Trump, konuyla alakalı yaptığı açıklamalara verilen tepkileri pek de ciddiye almıyor. Eğer ikna edilemez ise, Trump verdiği kararın arkasında duracaktır.

Aslında Trump’ın başkanlık yarışındaki en önemli söylemlerinden biri de, “şayet başkan seçilirsem OrtaDoğu’dan tüm askerlerimizi eve geri getirmek olacak”...

Trump’a göre, bölgede bulunmanın hiç bir avantajı yok. Aksine kullanamadıkları kaynaklar ve yaşanan askeri kayıplar (yaralanmalar, ölümler) ve bir türlü hesabı verilemeyen Trilyon dolarların heba edilmesi, Başkan Trump’ın çekiliyoruz açıklamasında ki en büyük motivasyonu...

Hatırlanacağı üzere, Donald Trump, Başkanlık adaylığını açıkladıktan hemen sonra yaptığı bir konuşmasında “6 Trilyon dolarlık bir kayıp var, ben bu paranın sadece 2 buçuk Trilyon doları ile Amerika’yı baştan başa yeniden inşa edebilirim. Bu para nerede ve nerede harcadınız” diye Başkanlık seçim kampanyasında çok sık kullandığı bir argümandı.

Aslında Başkan Trump argümanında çok da haksız sayılmazdı. Çünkü Amerikan halkından toplanan vergiler, 11 Eylül hadisesinden hemen sonra, 2003 yılından itibaren alınan bir kararla Afganistan ve Irak’a yaptıkları askeri operasyonlarda kullanıldığı, kullanılan 6 Trilyon doların heba olduğu, Irak ve Afganistan operasyonlarının sonucunun bir hiç olduğu, daha doğrusu ABD’ye ve en önemlisi halkına bu harcamaların bir dönüşü olmadığı gerçeğini, Trump çok yerinde kullandı ve Başkan seçilmesinde bu hadise büyük rol oynadı.
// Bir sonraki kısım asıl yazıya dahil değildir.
(* Let $\lambda=\frac{3+\sqrt{5}}{2}$, let $(f_n)_{n\geq 0}$ be the Fibonacci numbers, and for a positive integer $l$ let $\phi_l$ be the $l$-th cyclotomic polynomial. For every positive integer $n$, writing $\operatorname{res}$ for the resultant: (1) $\operatorname{res}\{(x-\lambda^n)(x-\lambda^{-n}),\phi_5\}=5^2(5f_n^4+5f_n^2+1)^2$ if $n$ is even, and $=(5^2f_n^4-15f_n^2+1)^2$ if $n$ is odd; (2) $\operatorname{res}\{(x-\lambda^n)(x-\lambda^{-n}),\phi_{10}\}=(5^2f_n^4+15f_n^2+1)^2$ if $n$ is even, and $=5^2(5f_n^4-5f_n^2+1)^2$ if $n$ is odd; (3) $\operatorname{res}\{(x-\lambda^n)(x-\lambda^{-n}),\phi_{25}\}=5^2(5f_{5n}^4+5f_{5n}^2+1)^2$ if $n$ is even, and $=(5^2f_{5n}^4-15f_{5n}^2+1)^2$ if $n$ is odd; (4) $\operatorname{res}\{(x-\lambda^n)(x-\lambda^{-n}),\phi_{50}\}=(5^2f_{5n}^4+15f_{5n}^2+1)^2$ if $n$ is even, and $=5^2(5f_{5n}^4-5f_{5n}^2+1)^2$ if $n$ is odd.
   Context: The Fibonacci numbers are $f_0=0$, $f_1=1$, $f_{n+2}=f_{n+1}+f_n$. For polynomials $P,Q$ without common complex roots, $\operatorname{res}\{P,Q\}=\prod_{P(u)=0,\,Q(v)=0}(u-v)$ (roots counted with multiplicity). *)

theory Defs
  imports "HOL-Analysis.Analysis" "HOL-Computational_Algebra.Polynomial" "HOL-Number_Theory.Fib"
begin

definition cyclotomic :: "nat \<Rightarrow> complex poly" where
  "cyclotomic l = (\<Prod>k \<in> {k. 1 \<le> k \<and> k \<le> l \<and> coprime k l}.
                      [:- cis (2 * pi * real k / real l), 1:])"

definition res :: "complex poly \<Rightarrow> complex poly \<Rightarrow> complex" where
  "res P Q = (\<Prod>u \<in># proots P. \<Prod>v \<in># proots Q. u - v)"

definition lam :: real where "lam = (3 + sqrt 5) / 2"

end

theory Submission
  imports Defs "HOL-Computational_Algebra.Fundamental_Theorem_Algebra"
begin

text \<open>
  Since \<open>\<lambda>\<^sup>n \<lambda>\<^sup>-\<^sup>n = 1\<close>, the resultant is \<open>\<Phi>\<^sub>l(a) \<Phi>\<^sub>l(1/a)\<close> with \<open>a = \<lambda>\<^sup>n\<close>.
  Splitting the roots of \<open>x\<^sup>l - 1\<close> by their order gives
  \<open>\<Phi>\<^sub>1\<^sub>0(x) = \<Phi>\<^sub>5(-x)\<close>, \<open>\<Phi>\<^sub>2\<^sub>5(x) = \<Phi>\<^sub>5(x\<^sup>5)\<close> and
  \<open>\<Phi>\<^sub>5\<^sub>0(x) = \<Phi>\<^sub>1\<^sub>0(x\<^sup>5)\<close> away from roots of unity, so everything reduces to \<open>\<Phi>\<^sub>5\<close>.
  As \<open>\<Phi>\<^sub>5\<close> is palindromic, \<open>\<Phi>\<^sub>5(a) = a\<^sup>2 (t\<^sup>2 + t - 1)\<close> with \<open>t = a + 1/a\<close>,
  so the resultant is \<open>(t\<^sup>2 + t - 1)\<^sup>2\<close>. Finally \<open>\<lambda>\<close> is the square of the golden ratio,
  and Binet's formula gives \<open>t = \<lambda>\<^sup>n + \<lambda>\<^sup>-\<^sup>n = 5 f\<^sub>n\<^sup>2 + 2 (-1)\<^sup>n\<close>.
\<close>

definition root_unity :: "nat \<Rightarrow> nat \<Rightarrow> complex" where
  "root_unity m k = cis (2 * pi * real k / real m)"

lemma prod_root_unity:
  assumes "m > 0"
  shows "(\<Prod>k<m. x - root_unity m k) = x ^ m - 1"
proof -
  let ?R = "{z::complex. z ^ m = 1}"
  define p :: "complex poly" where "p = monom 1 m - 1"
  define q :: "complex poly" where "q = (\<Prod>z\<in>?R. [:- z, 1:])"
  have fin: "finite ?R" using assms by (intro finite_roots_unity) simp
  have card: "card ?R = m" using card_roots_unity_eq[OF assms] .
  have deg_q: "degree q = m" unfolding q_def using fin card
    by (subst degree_prod_eq_sum_degree) auto
  have "p = q"
  proof (rule poly_eqI_degree_lead_coeff[where n = m and A = ?R])
    have "lead_coeff q = 1" by (simp add: q_def lead_coeff_prod)
    then show "coeff p m = coeff q m" using deg_q assms by (simp add: p_def)
    show "degree p \<le> m" unfolding p_def by (intro degree_diff_le) (auto simp: degree_monom_le)
    fix z assume "z \<in> ?R"
    then show "poly p z = poly q z"
      using fin by (auto simp: p_def q_def poly_monom poly_prod)
  qed (use deg_q card in auto)
  have "(\<Prod>k<m. x - root_unity m k) = (\<Prod>z\<in>?R. x - z)"
    unfolding root_unity_def by (rule prod.reindex_bij_betw[OF Complex.bij_betw_roots_unity[OF assms]])
  also have "\<dots> = poly p x" using \<open>p = q\<close> by (simp add: q_def poly_prod)
  finally show ?thesis by (simp add: p_def poly_monom)
qed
Aslında Trump’ın bölgeden çıkmak istemesinin diğer bir nedeni ise Türk Devletinin bölgede diplomasi atağı. Özellikle Başkan Recep Tayyip Erdoğan’ın son yaptığı “Fırat’ın Doğusuna her an harekat başlatabiliriz” söylemi ve hamlesi, ABD’nin artık bölgede işinin kalmadığının işaret fişeğiydi...

Sonuç,

Savaş taktiği, diplomasi, manevra, strateji ve satranç hamleleriyle adeta tüm düzeni ve kurulmuş planları alt üst ettik. Türk milleti ve devleti kendisine yakışır biçimde bölgemizde tarih yazıyor.

Türk devletinin cesaretini, çıkarları ve diplomasinin gereği her devlet ile masaya oturulabileceğini, devlet ve millet kavramlarının kişisel çıkarların üstünde olduğunu tüm dünyaya ders verir nitelikte ustaca öğretiyor.

Rusya ve İran ile kurduğu blok, Arjantin’den Çin’e uzanan diplomasi atağı, uluslararası arenada ABD ile yaşanan ve her argümanında ABD’ye karşı haklılığını ispatlayan Türk Devleti, dünyaya adeta diplomasinin nasıl yapılacağının dersini veriyor.